#### Your objective
Lines before the one containing "k y \<noteq>" are left out; output the rest of the data exactly, through the final line.

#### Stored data
##########
lemma Cset_high_length:
  assumes "\<forall>h\<in>set H. s < h" "subsums H \<subseteq> Cset a n"
  shows "length H \<le> 3"
proof (rule ccontr)
  assume "\<not> length H \<le> 3"
  have "\<forall>h\<in>set H. u \<le> h"
    using assms mem_subsums Cset_above_s by blast
  then have "length H * u \<le> sum_list H"
    by (rule length_mult_le_sum_list)
  moreover have "4 * u \<le> length H * u"
    using \<open>\<not> length H \<le> 3\<close> by simp
  moreover have "sum_list H \<le> 2 * s + 3 * u"
    using assms(2) sum_list_in_subsums Cset_le by blast
  ultimately show False
    using s_less_u by linarith
qed

lemma Cset_low_length:
  assumes "\<forall>x\<in>set L. 0 < x \<and> x \<le> s" "subsums L \<subseteq> Cset a n"
  shows "length L \<le> n - 1"
proof -
  have "\<sigma> \<le> s" if "\<sigma> \<in> subsums L" for \<sigma>
    using subsums_below_gap[of L s] assms Cset_above_s s_less_u that
    by (metis (no_types, lifting) le_less_trans not_le subsetD)
  then have "subsums L \<subseteq> subset_sums a (n - 1)"
    using assms(2) Cset_below_u s_less_u by fastforce
  then show ?thesis
    using superincreasing_subsums_length superincreasing_below assms(1) by blast
qed

text \<open>The assumed sums, reduced into the windows of \<open>C\<^sub>n\<close>, form the system excluded by
  \<open>superincreasing_sums_cover_absurd\<close>.\<close>
lemma Cset_three_high_one_low:
  assumes C: "x \<in> Cset a n" "h1 \<in> Cset a n" "h2 \<in> Cset a n" "h3 \<in> Cset a n"
      "h1 + h2 \<in> Cset a n" "x + h1 \<in> Cset a n" "x + h2 \<in> Cset a n" "h1 + h2 + h3 \<in> Cset a n"
    and x: "0 < x" "x \<le> s" and h: "s < h1" "s < h2" "s < h3"
  shows False
proof -
  have hu: "u \<le> h1" "u \<le> h2" "u \<le> h3"
    using C h Cset_above_s by blast+
  have "h1 + h2 + h3 \<le> 2 * s + 3 * u"
    using C(8) by (rule Cset_le)
  note bounds = this hu x s_less_u
  let ?P = "subset_sums a (n - 1)"
  obtain X where X: "X \<subseteq> {1..n-1}" "x = sum a X"
    by (rule subset_sumsE[OF Cset_below_u[OF C(1)]]) (use bounds in linarith)
  obtain I1 where I1: "I1 \<subseteq> {1..n-1}" "h1 - u = sum a I1"
    by (rule subset_sumsE[OF Cset_second_window[OF C(2) hu(1)]]) (use bounds in linarith)
  obtain I2 where I2: "I2 \<subseteq> {1..n-1}" "h2 - u = sum a I2"
    by (rule subset_sumsE[OF Cset_second_window[OF C(3) hu(2)]]) (use bounds in linarith)
  obtain Y1 where Y1: "Y1 \<subseteq> {1..n-1}" "x + h1 - u = sum a Y1"
    by (rule subset_sumsE[OF Cset_second_window[OF C(6)]]) (use bounds in linarith)+
  obtain Y2 where Y2: "Y2 \<subseteq> {1..n-1}" "x + h2 - u = sum a Y2"
    by (rule subset_sumsE[OF Cset_second_window[OF C(7)]]) (use bounds in linarith)+
  have "s + 2 * u \<le> h1 + h2 \<and> h1 + h2 - (s + 2 * u) \<in> ?P"
    by (rule Cset_third_window[OF C(5)]) (use bounds in linarith)+
  then obtain K where K: "K \<subseteq> {1..n-1}" "h1 + h2 - (s + 2 * u) = sum a K" "s + 2 * u \<le> h1 + h2"
    using subset_sumsE by blast
  have "X \<noteq> {}"
    using X(2) x(1) by auto
  moreover have "sum a X + sum a I1 = sum a Y1" "sum a X + sum a I2 = sum a Y2"
    using X I1 I2 Y1 Y2 bounds by simp_all
  moreover have "sum a I1 + sum a I2 = sum a {1..n-1} + sum a K"
    using I1 I2 K bounds unfolding s_def by linarith
  ultimately show False
    using superincreasing_sums_cover_absurd[OF superincreasing_below] X(1) I1(1) I2(1) Y1(1) Y2(1) K(1)
    by blast
qed
lemma functional_inequality_imp_irreducible:
  assumes "\<forall>r>0. weak_poincare_bound M D E r (\<alpha> r)"
  shows "irreducible_form M D E"
  unfolding irreducible_form_def
proof (intro ballI impI)
  fix f assume f: "f \<in> D" "E f f = 0"
  then have "(\<lambda>x. (-1) * f x) \<in> D" "E (\<lambda>x. (-1) * f x) (\<lambda>x. (-1) * f x) = 0"
    using domain_scale[OF f(1), of "-1"] form_scale[OF f(1), of "-1"] by simp_all
  then have "AE x in M. (-1) * f x \<le> 0"
    by (rule null_function_nonpos[OF assms])
  moreover have "AE x in M. f x \<le> 0"
    by (rule null_function_nonpos[OF assms f])
  ultimately show "AE x in M. f x = 0"
    by eventually_elim simp
qed

end

section \<open>Symmetric sub-Markov semigroups\<close>

locale prob_subMarkov_semigroup = prob_space M for M :: "'a measure" +
  fixes P :: "real \<Rightarrow> ('a \<Rightarrow> real) \<Rightarrow> ('a \<Rightarrow> real)"
  assumes semigroup: "symmetric_subMarkov_semigroup M P"
begin

lemma L2_closed: "t \<ge> 0 \<Longrightarrow> f \<in> L2 M \<Longrightarrow> P t f \<in> L2 M"
  using semigroup by (simp add: symmetric_subMarkov_semigroup_def)

lemma add_AE:
  "t \<ge> 0 \<Longrightarrow> f \<in> L2 M \<Longrightarrow> g \<in> L2 M \<Longrightarrow> AE x in M. P t (\<lambda>y. f y + g y) x = P t f x + P t g x"
  using semigroup by (simp add: symmetric_subMarkov_semigroup_def)

lemma scale_AE: "t \<ge> 0 \<Longrightarrow> f \<in> L2 M \<Longrightarrow> AE x in M. P t (\<lambda>y. c * f y) x = c * P t f x"
  using semigroup by (simp add: symmetric_subMarkov_semigroup_def)

lemma symmetric_integral:
  "t \<ge> 0 \<Longrightarrow> f \<in> L2 M \<Longrightarrow> g \<in> L2 M \<Longrightarrow> (\<integral>x. P t f x * g x \<partial>M) = (\<integral>x. f x * P t g x \<partial>M)"
  using semigroup by (simp add: symmetric_subMarkov_semigroup_def)
(* In the setting below, with $\rho_m:=\sum_{G\in\mathcal A^m_{\ge L}(F)}\rho(G)$ and $\rho(G):=e^{-\beta H_{(\bar G)^c}}\prod_j\eta(G_j)$ (the $G_j$ being the connected components of $G$), one has for every integer $m\ge1$ $$\rho_m=\sum_{k=m}^\infty\binom km\sum_{w\in\mathcal C^k_{\ge L}(F)}f(w).$$
   Context: $V$ finite, $\mathcal H=\bigotimes_{x\in V}\mathcal H_x$ finite-dimensional; $H=\sum_{\lambda\in E}h_\lambda$, $h_\lambda$ Hermitian with support $\lambda$, $E$ the set of supports, $H_K=\sum_{\lambda\in K}h_\lambda$, $\beta\in\mathbb R$; $F\subset E$, $L\ge1$. Connected edge sets (animals): any two edges joined by a chain of consecutively intersecting edges in the set; connected components are maximal connected subsets. $\mathcal A_{\ge L}(F)$: connected $G\subset E$ with $|G|\ge L$, $G\cap F\ne\emptyset$; $\mathcal A^m_{\ge L}(F)$: unions of $m$ pairwise non-overlapping members of $\mathcal A_{\ge L}(F)$. $G^c=E\setminus G$, $\bar G=\{\lambda\in E:\exists\lambda'\in G,\lambda\cap\lambda'\ne\emptyset\}$. Words: $K^\ast=\bigcup_{l\ge0}K^l$, $|w|$ length, $h(w)=h_{w_1}\cdots h_{w_{|w|}}$, $f(w)=\frac{(-\beta)^{|w|}}{|w|!}h(w)$, $\eta(G'):=\sum_{w\in G'^\ast:\,G'\subset w}f(w)$ where $G'\subset w$ means each element of $G'$ occurs in $w$. Maximal clusters of $w$: subsequences of $w$ consisting of all letters lying in one connected component of the letter set of $w$. $\mathcal C^k_{\ge L}(F)$: words having exactly $k$ maximal clusters whose letter set has at least $L$ elements and contains an element of $F$. All series converge absolutely. *)

theory Defs
  imports "HOL-Analysis.Analysis"
begin
(* Let $V$ and $W$ be real inner product spaces of dimension $2$ and $3$ respectively, let $A:[0,1]\to\mathrm{Hom}(W,W)$ be a smooth path of positive self-adjoint operators and let $T:[0,1]\to\mathrm{Hom}(V,W)$ be a smooth path with $\ddot T(s)=A(s)\circ T(s)$. Then $u(s):=\|T(s)\|_1$ is convex on $[0,1]$. Moreover, if $T(s)$ has rank $2$ and $A(s)\circ T(s)\neq0$, then $\ddot u(s)>0$.
   Context: For $L\in\mathrm{Hom}(V,W)$, $\|L\|_1=\operatorname{tr}\sqrt{L^TL}$ ($1$-Schatten norm), with $L^T$ the adjoint. *)

theory Defs
  imports "HOL-Analysis.Analysis"
begin

text \<open>V = real^2, W = real^3 with standard inner products; Hom(V,W) = real^2^3 matrices
  (acting by *v), adjoint = transpose.\<close>

definition psd_matrix :: "real^'n^'n \<Rightarrow> bool" where
  "psd_matrix S \<longleftrightarrow> transpose S = S \<and> (\<forall>x. 0 \<le> x \<bullet> (S *v x))"

definition matrix_sqrt :: "real^'n^'n \<Rightarrow> real^'n^'n" where
  "matrix_sqrt M = (THE S. psd_matrix S \<and> S ** S = M)"

definition schatten1 :: "real^'n^'m \<Rightarrow> real" where
  "schatten1 L = trace (matrix_sqrt (transpose L ** L))"

text \<open>D is a sequence of all derivatives of f on [0,1] (one-sided at endpoints): f is smooth on [0,1].\<close>
definition smooth_derivs :: "(real \<Rightarrow> 'a::real_normed_vector) \<Rightarrow> (nat \<Rightarrow> real \<Rightarrow> 'a) \<Rightarrow> bool" where
  "smooth_derivs f D \<longleftrightarrow> (\<forall>t\<in>{0..1}. D 0 t = f t) \<and>
     (\<forall>n. \<forall>t\<in>{0..1}. (D n has_vector_derivative D (Suc n) t) (at t within {0..1}))"
fun Ghat_aux :: "nat \<Rightarrow> (real \<Rightarrow> real) \<Rightarrow> (nat \<Rightarrow> nat \<Rightarrow> real) \<Rightarrow> nat
    \<Rightarrow> nat list \<Rightarrow> (nat \<Rightarrow> real) \<Rightarrow> (nat \<Rightarrow> real)" where
  "Ghat_aux N f g t [] G = G"
| "Ghat_aux N f g t (i # is) G = Ghat_aux N f g (Suc t) is (gbpa_step N f g t G i)"

text \<open>Cumulative estimated gain after the history i_1,...,i_k of drawn arms (starting from 0).\<close>
definition Ghat :: "nat \<Rightarrow> (real \<Rightarrow> real) \<Rightarrow> (nat \<Rightarrow> nat \<Rightarrow> real) \<Rightarrow> nat list \<Rightarrow> (nat \<Rightarrow> real)" where
  "Ghat N f g hist = Ghat_aux N f g 1 hist (\<lambda>_. 0)"

definition Lminus :: "nat \<Rightarrow> (nat \<Rightarrow> real) \<Rightarrow> nat \<Rightarrow> (nat \<Rightarrow> real) \<Rightarrow> real" where
  "Lminus N G i z = Max ((\<lambda>j. G j + z j) ` ({..<N} - {i}))"

end

theory Submission
  imports Defs
begin
text \<open>Deriving transformation d_A : !A \<otimes> A \<rightarrow> !A with axioms [d.1]-[d.5]
  (constant, Leibniz, linear, chain, interchange rules).\<close>
definition deriving_transformation :: "('o,'m) smcat \<Rightarrow> ('o \<Rightarrow> 'o) \<Rightarrow> ('m \<Rightarrow> 'm) \<Rightarrow>
    ('o \<Rightarrow> 'm) \<Rightarrow> ('o \<Rightarrow> 'm) \<Rightarrow> ('o \<Rightarrow> 'm) \<Rightarrow> ('o \<Rightarrow> 'm) \<Rightarrow> ('o \<Rightarrow> 'm) \<Rightarrow> bool" where
  "deriving_transformation C Bo Bm dl ep De ee d \<longleftrightarrow>
     nat_trans C (\<lambda>A. tns C (Bo A) A) (\<lambda>f. tnsm C (Bm f) f) Bo Bm d \<and>
     (\<forall>A\<in>Obj C.
        cmp C (d A) (ee A) = zro C (tns C (Bo A) A) (unt C) \<and>
        cmp C (d A) (De A) =
          pls C (cmp C (tnsm C (De A) (idn C A))
                   (cmp C (asc C (Bo A) (Bo A) A) (tnsm C (idn C (Bo A)) (d A))))
                (cmp C (tnsm C (De A) (idn C A))
                   (cmp C (asc C (Bo A) (Bo A) A)
                     (cmp C (tnsm C (idn C (Bo A)) (brd C (Bo A) A))
                       (cmp C (asc_inv C (Bo A) A (Bo A)) (tnsm C (d A) (idn C (Bo A))))))) \<and>
        cmp C (d A) (ep A) = cmp C (tnsm C (ee A) (idn C A)) (lun C A) \<and>
        cmp C (d A) (dl A) =
          cmp C (tnsm C (De A) (idn C A))
            (cmp C (asc C (Bo A) (Bo A) A) (cmp C (tnsm C (dl A) (d A)) (d (Bo A)))) \<and>
        cmp C (tnsm C (d A) (idn C A)) (d A) =
          cmp C (asc C (Bo A) A A)
            (cmp C (tnsm C (idn C (Bo A)) (brd C A A))
              (cmp C (asc_inv C (Bo A) A A) (cmp C (tnsm C (d A) (idn C A)) (d A)))))"

definition differential_category :: "('o,'m) smcat \<Rightarrow> ('o \<Rightarrow> 'o) \<Rightarrow> ('m \<Rightarrow> 'm) \<Rightarrow>
    ('o \<Rightarrow> 'm) \<Rightarrow> ('o \<Rightarrow> 'm) \<Rightarrow> ('o \<Rightarrow> 'm) \<Rightarrow> ('o \<Rightarrow> 'm) \<Rightarrow> ('o \<Rightarrow> 'm) \<Rightarrow> bool" where
  "differential_category C Bo Bm dl ep De ee d \<longleftrightarrow>
     additive_smc C \<and> coalgebra_modality C Bo Bm dl ep De ee \<and>
     deriving_transformation C Bo Bm dl ep De ee d"

definition sc_monad :: "('o,'m) smcat \<Rightarrow> ('o \<Rightarrow> 'o) \<Rightarrow> ('m \<Rightarrow> 'm) \<Rightarrow>
    ('o \<Rightarrow> 'm) \<Rightarrow> ('o \<Rightarrow> 'm) \<Rightarrow> ('o \<Rightarrow> 'o \<Rightarrow> 'm) \<Rightarrow> 'm \<Rightarrow> bool" where
  "sc_monad C To Tm mu eta n nK \<longleftrightarrow>
     functor_on C To Tm \<and>
     nat_trans C (\<lambda>A. To (To A)) (\<lambda>f. Tm (Tm f)) To Tm mu \<and>
     nat_trans C (\<lambda>A. A) (\<lambda>f. f) To Tm eta \<and>
     (\<forall>A\<in>Obj C.
        cmp C (Tm (mu A)) (mu A) = cmp C (mu (To A)) (mu A) \<and>
        cmp C (eta (To A)) (mu A) = idn C (To A) \<and>
        cmp C (Tm (eta A)) (mu A) = idn C (To A)) \<and>
     (\<forall>A\<in>Obj C. \<forall>B\<in>Obj C. n A B \<in> Hom C (To (tns C A B)) (tns C (To A) (To B))) \<and>
     nK \<in> Hom C (To (unt C)) (unt C) \<and>
     (\<forall>A A' B B' f g. f \<in> Hom C A A' \<longrightarrow> g \<in> Hom C B B' \<longrightarrow>
        cmp C (Tm (tnsm C f g)) (n A' B') = cmp C (n A B) (tnsm C (Tm f) (Tm g))) \<and>
     (\<forall>A\<in>Obj C. \<forall>B\<in>Obj C. \<forall>D\<in>Obj C.
        cmp C (Tm (asc C A B D)) (cmp C (n A (tns C B D)) (tnsm C (idn C (To A)) (n B D))) =
        cmp C (n (tns C A B) D) (cmp C (tnsm C (n A B) (idn C (To D))) (asc C (To A) (To B) (To D)))) \<and>
     (\<forall>A\<in>Obj C.
        Tm (lun C A) = cmp C (n (unt C) A) (cmp C (tnsm C nK (idn C (To A))) (lun C (To A))) \<and>
        Tm (run C A) = cmp C (n A (unt C)) (cmp C (tnsm C (idn C (To A)) nK) (run C (To A)))) \<and>
     (\<forall>A\<in>Obj C. \<forall>B\<in>Obj C.
        cmp C (Tm (brd C A B)) (n B A) = cmp C (n A B) (brd C (To A) (To B))) \<and>
     (\<forall>A\<in>Obj C. \<forall>B\<in>Obj C.
        cmp C (mu (tns C A B)) (n A B) =
          cmp C (Tm (n A B)) (cmp C (n (To A) (To B)) (tnsm C (mu A) (mu B))) \<and>
        cmp C (eta (tns C A B)) (n A B) = tnsm C (eta A) (eta B)) \<and>
     cmp C (mu (unt C)) nK = cmp C (Tm nK) nK \<and>
     cmp C (eta (unt C)) nK = idn C (unt C)"
lemma eventually_transversal_condition:
  fixes F Ft :: "real \<Rightarrow> real^2 \<Rightarrow> real" and g h :: "real \<times> (real^2) \<times> (real^2) \<Rightarrow> real^2"
  assumes "isCont g z0" "isCont h z0"
    and nondeg: "g z0 $ 1 * h z0 $ 2 - g z0 $ 2 * h z0 $ 1 \<noteq> 0"
    and local: "\<forall>\<^sub>F (t, v, w) in nhds z0.
        F t v - F t w = g (t, v, w) \<bullet> (v - w) \<and> Ft t v - Ft t w = h (t, v, w) \<bullet> (v - w) \<and>
        ((\<lambda>s. F s v) has_real_derivative Ft t v) (at t) \<and> ((\<lambda>s. F s w) has_real_derivative Ft t w) (at t)"
  shows "\<exists>C>0. \<forall>\<^sub>F (t, v, w) in nhds z0. transversal_condition F C t v w"
proof -
  obtain c where "c > 0" and c: "\<And>e. norm e = 1 \<Longrightarrow> c \<le> \<bar>g z0 \<bullet> e\<bar> + \<bar>h z0 \<bullet> e\<bar>"
    using nondegenerate_pair_lower_bound[OF nondeg] by blast
  have "\<forall>\<^sub>F z in nhds z0. dist (g z) (g z0) < c/4" "\<forall>\<^sub>F z in nhds z0. dist (h z) (h z0) < c/4"
    using assms(1,2) \<open>c > 0\<close> unfolding isCont_def tendsto_at_iff_tendsto_nhds
    by (intro tendstoD; simp)+
  with local have "\<forall>\<^sub>F (t, v, w) in nhds z0. transversal_condition F (c/4) t v w"
  proof eventually_elim
    case (elim z)
    obtain t v w where z: "z = (t, v, w)"
      by (cases z) auto
    from elim have eqs: "F t v - F t w = g z \<bullet> (v - w)" "Ft t v - Ft t w = h z \<bullet> (v - w)"
      and ders: "((\<lambda>s. F s v) has_real_derivative Ft t v) (at t)" "((\<lambda>s. F s w) has_real_derivative Ft t w) (at t)"
      and near: "dist (g z) (g z0) < c/4" "dist (h z) (h z0) < c/4"
      by (simp_all add: z)
    show ?case
      unfolding z transversal_condition_def prod.case
    proof (intro impI)
      assume "v \<noteq> w" and small: "\<bar>(F t v - F t w) / norm (v - w)\<bar> \<le> c/4"
      define e where "e = (1 / norm (v - w)) *\<^sub>R (v - w)"
      have "norm e = 1"
        using \<open>v \<noteq> w\<close> by (simp add: e_def)
      moreover have "(F t v - F t w) / norm (v - w) = g z \<bullet> e"
        using eqs by (simp add: e_def divide_inverse mult.commute)
      ultimately have "c/4 < \<bar>h z \<bullet> e\<bar>"
        using inner_lower_bound_near[OF _ c near] small by simp
      moreover have "((\<lambda>s. (F s v - F s w) / norm (v - w)) has_real_derivative h z \<bullet> e) (at t)"
        using DERIV_cdivide[OF DERIV_diff[OF ders], of "norm (v - w)"] eqs
        by (simp add: e_def divide_inverse mult.commute)
      ultimately show "\<exists>D. ((\<lambda>s. (F s v - F s w) / norm (v - w)) has_real_derivative D) (at t) \<and> c/4 \<le> \<bar>D\<bar>"
        by (auto intro: less_imp_le)
    qed
  qed
  with \<open>c > 0\<close> show ?thesis
    by (intro exI[of _ "c/4"]) simp
qed

lemma transversal_on_balls:
  assumes "C > 0" "\<forall>\<^sub>F (t, v, w) in nhds (t0, u0, u0). transversal_condition F C t v w \<and> P t v"
  obtains \<delta> where "\<delta> > 0" "\<And>t u. t \<in> ball t0 \<delta> \<Longrightarrow> u \<in> ball u0 \<delta> \<Longrightarrow> P t u"
    "transversal F (ball t0 \<delta>) (ball u0 \<delta>)"
proof -
  obtain \<delta> where "\<delta> > 0" and \<delta>: "\<And>t v w. t \<in> ball t0 \<delta> \<Longrightarrow> v \<in> ball u0 \<delta> \<Longrightarrow> w \<in> ball u0 \<delta> \<Longrightarrow>
      transversal_condition F C t v w \<and> P t v"
    using eventually_nhds_triple_ball[OF assms(2)] by (metis (no_types, lifting) case_prod_conv)
  then show ?thesis
    using that \<open>C > 0\<close> unfolding transversal_iff_condition by blast
qed

section \<open>Local transversality of \<open>\<Pi>\<close>\<close>

definition chart_frame :: "real^3^3 \<Rightarrow> nat \<Rightarrow> real \<Rightarrow> 2 \<Rightarrow> real^3" where
  "chart_frame A j t i = mexp t A *v chart_dir j i"

lemma gam_chart_inv_diff:
  "gam A t (chart_inv j v) - gam A t (chart_inv j w) = (\<Sum>i\<in>UNIV. (v - w) $ i *\<^sub>R chart_frame A j t i)"
  using chart_inv_affine[of j v] chart_inv_affine[of j w]
  by (simp add: chart_frame_def gam_def sum_2 matrix_vector_right_distrib matrix_vector_mult_diff_distrib
      matrix_vector_mult_scaleR scaleR_diff_left algebra_simps)

lemma Pi_coord_diff:
  assumes "tchart_den k (gam A t (chart_inv j v)) \<noteq> 0" "tchart_den k (gam A t (chart_inv j w)) \<noteq> 0"
  shows "Pi_coord A j k t v - Pi_coord A j k t w
    = (\<chi> i. pi_slope k (gam A t (chart_inv j w)) (gam A t (chart_inv j v)) (chart_frame A j t i)) \<bullet> (v - w)"
  using tchart_pi_diff[OF assms(2,1)]
  unfolding gam_chart_inv_diff linear_sum_scaleR_eq_inner[OF linear_pi_slope]
  by (simp add: Pi_coord_def)

lemma Pi_coord_has_derivative:
  "tchart_den k (gam A t (chart_inv j u)) \<noteq> 0 \<Longrightarrow>
    ((\<lambda>s. Pi_coord A j k s u) has_real_derivative pi_velocity k A (gam A t (chart_inv j u))) (at t)"
  unfolding Pi_coord_def by (rule tchart_pi_gam_has_derivative)

lemma pi_velocity_chart_diff:
  assumes "tchart_den k (gam A t (chart_inv j v)) \<noteq> 0" "tchart_den k (gam A t (chart_inv j w)) \<noteq> 0"
  shows "pi_velocity k A (gam A t (chart_inv j v)) - pi_velocity k A (gam A t (chart_inv j w))
    = (\<chi> i. velocity_slope k A (gam A t (chart_inv j w)) (gam A t (chart_inv j v)) (chart_frame A j t i))
      \<bullet> (v - w)"
  using pi_velocity_diff[OF assms(2,1)]
  unfolding gam_chart_inv_diff linear_sum_scaleR_eq_inner[OF linear_velocity_slope] .

lemma chart_slopes_independent:
  assumes "y = gam A t (chart_inv j u)" "tchart_den k y \<noteq> 0" "L0_form A y \<noteq> 0"
  shows "pi_slope k y y (chart_frame A j t 1) * velocity_slope k A y y (chart_frame A j t 2)
       - pi_slope k y y (chart_frame A j t 2) * velocity_slope k A y y (chart_frame A j t 1) \<noteq> 0"
proof -
  have "det (vector [y, chart_frame A j t 1, chart_frame A j t 2]) \<noteq> 0"
    using det_mexp_nonzero det_chart_frame
    by (simp add: assms(1) chart_frame_def gam_def det_vector_matrix_vector_mult)
  with assms(2,3) show ?thesis
    by (simp add: slope_det)
qed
##########
#### Answer space
  assumes "y = gam A t (chart_inv j u)" "tchart_den k y \<noteq> 0" "L0_form A y \<noteq> 0"
  shows "pi_slope k y y (chart_frame A j t 1) * velocity_slope k A y y (chart_frame A j t 2)
       - pi_slope k y y (chart_frame A j t 2) * velocity_slope k A y y (chart_frame A j t 1) \<noteq> 0"
proof -
  have "det (vector [y, chart_frame A j t 1, chart_frame A j t 2]) \<noteq> 0"
    using det_mexp_nonzero det_chart_frame
    by (simp add: assms(1) chart_frame_def gam_def det_vector_matrix_vector_mult)
  with assms(2,3) show ?thesis
    by (simp add: slope_det)
qed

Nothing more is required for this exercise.